EXERCISE INSTRUCTIONS – Please reproduce the records, omitting nothing and changing nothing.

STORED DATA –
########################################

lemma msign_symdiff_left:
  assumes "finite A" "finite B" "finite C" and "\<forall>i\<in>C. \<sigma> i * \<sigma> i = 1"
  shows "msign \<sigma> (symdiff A B) C = msign \<sigma> A C * msign \<sigma> B C"
proof -
  have "(\<Prod>_\<in>inversions (symdiff A B) C. - 1 :: real)
      = (\<Prod>_\<in>inversions A C. - 1) * (\<Prod>_\<in>inversions B C. - 1)"
    unfolding inversions_symdiff_left using assms(1-3)
    by (intro prod_symmetric_difference) (auto simp: finite_inversions)
  moreover have "(\<Prod>i\<in>symdiff A B \<inter> C. \<sigma> i) = (\<Prod>i\<in>A \<inter> C. \<sigma> i) * (\<Prod>i\<in>B \<inter> C. \<sigma> i)"
  proof -
    have "symdiff A B \<inter> C = sym_diff (A \<inter> C) (B \<inter> C)"
      by (auto simp: symdiff_def)
    then show ?thesis
      using assms by (auto intro: prod_symmetric_difference)
  qed
  ultimately show ?thesis
    by (simp add: msign_eq_prod mult_ac)
qed

lemma msign_symdiff_right:
  assumes "finite A" "finite B" "finite C" and "\<forall>i\<in>C. \<sigma> i * \<sigma> i = 1"
  shows "msign \<sigma> C (symdiff A B) = msign \<sigma> C A * msign \<sigma> C B"
proof -
  have "(\<Prod>_\<in>inversions C (symdiff A B). - 1 :: real)
      = (\<Prod>_\<in>inversions C A. - 1) * (\<Prod>_\<in>inversions C B. - 1)"
    unfolding inversions_symdiff_right using assms(1-3)
    by (intro prod_symmetric_difference) (auto simp: finite_inversions)
  moreover have "(\<Prod>i\<in>C \<inter> symdiff A B. \<sigma> i) = (\<Prod>i\<in>C \<inter> A. \<sigma> i) * (\<Prod>i\<in>C \<inter> B. \<sigma> i)"
  proof -
    have "C \<inter> symdiff A B = sym_diff (C \<inter> A) (C \<inter> B)"
      by (auto simp: symdiff_def)
    then show ?thesis
      using assms by (auto intro: prod_symmetric_difference)
  qed
  ultimately show ?thesis
    by (simp add: msign_eq_prod mult_ac)
qed

lemma msign_square:
  assumes "\<forall>i\<in>A \<inter> B. \<sigma> i * \<sigma> i = 1"
  shows "msign \<sigma> A B * msign \<sigma> A B = 1"
proof -
  have "(\<Prod>i\<in>A \<inter> B. \<sigma> i) * (\<Prod>i\<in>A \<inter> B. \<sigma> i) = (\<Prod>i\<in>A \<inter> B. \<sigma> i * \<sigma> i)"
    by (simp add: prod.distrib)
  also have "\<dots> = 1"
    using assms by (intro prod.neutral) auto
  finally have "(\<Prod>i\<in>A \<inter> B. \<sigma> i) * (\<Prod>i\<in>A \<inter> B. \<sigma> i) = 1" .
  moreover have "(- 1 :: real) ^ k * (- 1) ^ k = 1" for k
    by (simp flip: power_add)
  ultimately show ?thesis
    unfolding msign_def by (simp add: algebra_simps)
qed

lemma msign_symdiff_symdiff:
  assumes "finite M" "finite N" "finite K" and "\<forall>i\<in>M \<union> N \<union> K. \<sigma> i * \<sigma> i = 1"
  shows "msign \<sigma> (symdiff M N) (symdiff N K) * msign \<sigma> M K
    = msign \<sigma> M N * sigmaB \<sigma> N * msign \<sigma> N K"
proof -
  have NK: "finite (symdiff N K)" "\<forall>i\<in>symdiff N K. \<sigma> i * \<sigma> i = 1"
    using assms by (auto simp: symdiff_def)
  have "msign \<sigma> (symdiff M N) (symdiff N K)
      = msign \<sigma> M (symdiff N K) * msign \<sigma> N (symdiff N K)"
    using assms(1,2) NK by (rule msign_symdiff_left)
  also have "\<dots> = (msign \<sigma> M N * msign \<sigma> M K) * (msign \<sigma> N N * msign \<sigma> N K)"
    using assms by (simp add: msign_symdiff_right)
  finally have "msign \<sigma> (symdiff M N) (symdiff N K)
      = msign \<sigma> M N * msign \<sigma> M K * (sigmaB \<sigma> N * msign \<sigma> N K)"
    by (simp add: sigmaB_def)
  moreover have "msign \<sigma> M K * msign \<sigma> M K = 1"
    using assms(4) by (intro msign_square) blast
  ultimately show ?thesis
    by (simp add: algebra_simps)
qed

definition Emat_coeff :: "(nat \<Rightarrow> real) \<Rightarrow> nat set \<Rightarrow> nat set \<Rightarrow> nat set \<Rightarrow> real" where
  "Emat_coeff \<sigma> S M N = (if symdiff M N = S then sigmaB \<sigma> M * msign \<sigma> M N else 0)"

########################################

RESPONSE –
lemma msign_symdiff_left:
  assumes "finite A" "finite B" "finite C" and "\<forall>i\<in>C. \<sigma> i * \<sigma> i = 1"
  shows "msign \<sigma> (symdiff A B) C = msign \<sigma> A C * msign \<sigma> B C"
proof -
  have "(\<Prod>_\<in>inversions (symdiff A B) C. - 1 :: real)
      = (\<Prod>_\<in>inversions A C. - 1) * (\<Prod>_\<in>inversions B C. - 1)"
    unfolding inversions_symdiff_left using assms(1-3)
    by (intro prod_symmetric_difference) (auto simp: finite_inversions)
  moreover have "(\<Prod>i\<in>symdiff A B \<inter> C. \<sigma> i) = (\<Prod>i\<in>A \<inter> C. \<sigma> i) * (\<Prod>i\<in>B \<inter> C. \<sigma> i)"
  proof -
    have "symdiff A B \<inter> C = sym_diff (A \<inter> C) (B \<inter> C)"
      by (auto simp: symdiff_def)
    then show ?thesis
      using assms by (auto intro: prod_symmetric_difference)
  qed
  ultimately show ?thesis
    by (simp add: msign_eq_prod mult_ac)
qed

lemma msign_symdiff_right:
  assumes "finite A" "finite B" "finite C" and "\<forall>i\<in>C. \<sigma> i * \<sigma> i = 1"
  shows "msign \<sigma> C (symdiff A B) = msign \<sigma> C A * msign \<sigma> C B"
proof -
  have "(\<Prod>_\<in>inversions C (symdiff A B). - 1 :: real)
      = (\<Prod>_\<in>inversions C A. - 1) * (\<Prod>_\<in>inversions C B. - 1)"
    unfolding inversions_symdiff_right using assms(1-3)
    by (intro prod_symmetric_difference) (auto simp: finite_inversions)
  moreover have "(\<Prod>i\<in>C \<inter> symdiff A B. \<sigma> i) = (\<Prod>i\<in>C \<inter> A. \<sigma> i) * (\<Prod>i\<in>C \<inter> B. \<sigma> i)"
  proof -
    have "C \<inter> symdiff A B = sym_diff (C \<inter> A) (C \<inter> B)"
      by (auto simp: symdiff_def)
    then show ?thesis
      using assms by (auto intro: prod_symmetric_difference)
  qed
  ultimately show ?thesis
    by (simp add: msign_eq_prod mult_ac)
qed

lemma msign_square:
  assumes "\<forall>i\<in>A \<inter> B. \<sigma> i * \<sigma> i = 1"
  shows "msign \<sigma> A B * msign \<sigma> A B = 1"
proof -
  have "(\<Prod>i\<in>A \<inter> B. \<sigma> i) * (\<Prod>i\<in>A \<inter> B. \<sigma> i) = (\<Prod>i\<in>A \<inter> B. \<sigma> i * \<sigma> i)"
    by (simp add: prod.distrib)
  also have "\<dots> = 1"
    using assms by (intro prod.neutral) auto
  finally have "(\<Prod>i\<in>A \<inter> B. \<sigma> i) * (\<Prod>i\<in>A \<inter> B. \<sigma> i) = 1" .
  moreover have "(- 1 :: real) ^ k * (- 1) ^ k = 1" for k
    by (simp flip: power_add)
  ultimately show ?thesis
    unfolding msign_def by (simp add: algebra_simps)
qed

lemma msign_symdiff_symdiff:
  assumes "finite M" "finite N" "finite K" and "\<forall>i\<in>M \<union> N \<union> K. \<sigma> i * \<sigma> i = 1"
  shows "msign \<sigma> (symdiff M N) (symdiff N K) * msign \<sigma> M K
    = msign \<sigma> M N * sigmaB \<sigma> N * msign \<sigma> N K"
proof -
  have NK: "finite (symdiff N K)" "\<forall>i\<in>symdiff N K. \<sigma> i * \<sigma> i = 1"
    using assms by (auto simp: symdiff_def)
  have "msign \<sigma> (symdiff M N) (symdiff N K)
      = msign \<sigma> M (symdiff N K) * msign \<sigma> N (symdiff N K)"
    using assms(1,2) NK by (rule msign_symdiff_left)
  also have "\<dots> = (msign \<sigma> M N * msign \<sigma> M K) * (msign \<sigma> N N * msign \<sigma> N K)"
    using assms by (simp add: msign_symdiff_right)
  finally have "msign \<sigma> (symdiff M N) (symdiff N K)
      = msign \<sigma> M N * msign \<sigma> M K * (sigmaB \<sigma> N * msign \<sigma> N K)"
    by (simp add: sigmaB_def)
  moreover have "msign \<sigma> M K * msign \<sigma> M K = 1"
    using assms(4) by (intro msign_square) blast
  ultimately show ?thesis
    by (simp add: algebra_simps)
qed

definition Emat_coeff :: "(nat \<Rightarrow> real) \<Rightarrow> nat set \<Rightarrow> nat set \<Rightarrow> nat set \<Rightarrow> real" where
  "Emat_coeff \<sigma> S M N = (if symdiff M N = S then sigmaB \<sigma> M * msign \<sigma> M N else 0)"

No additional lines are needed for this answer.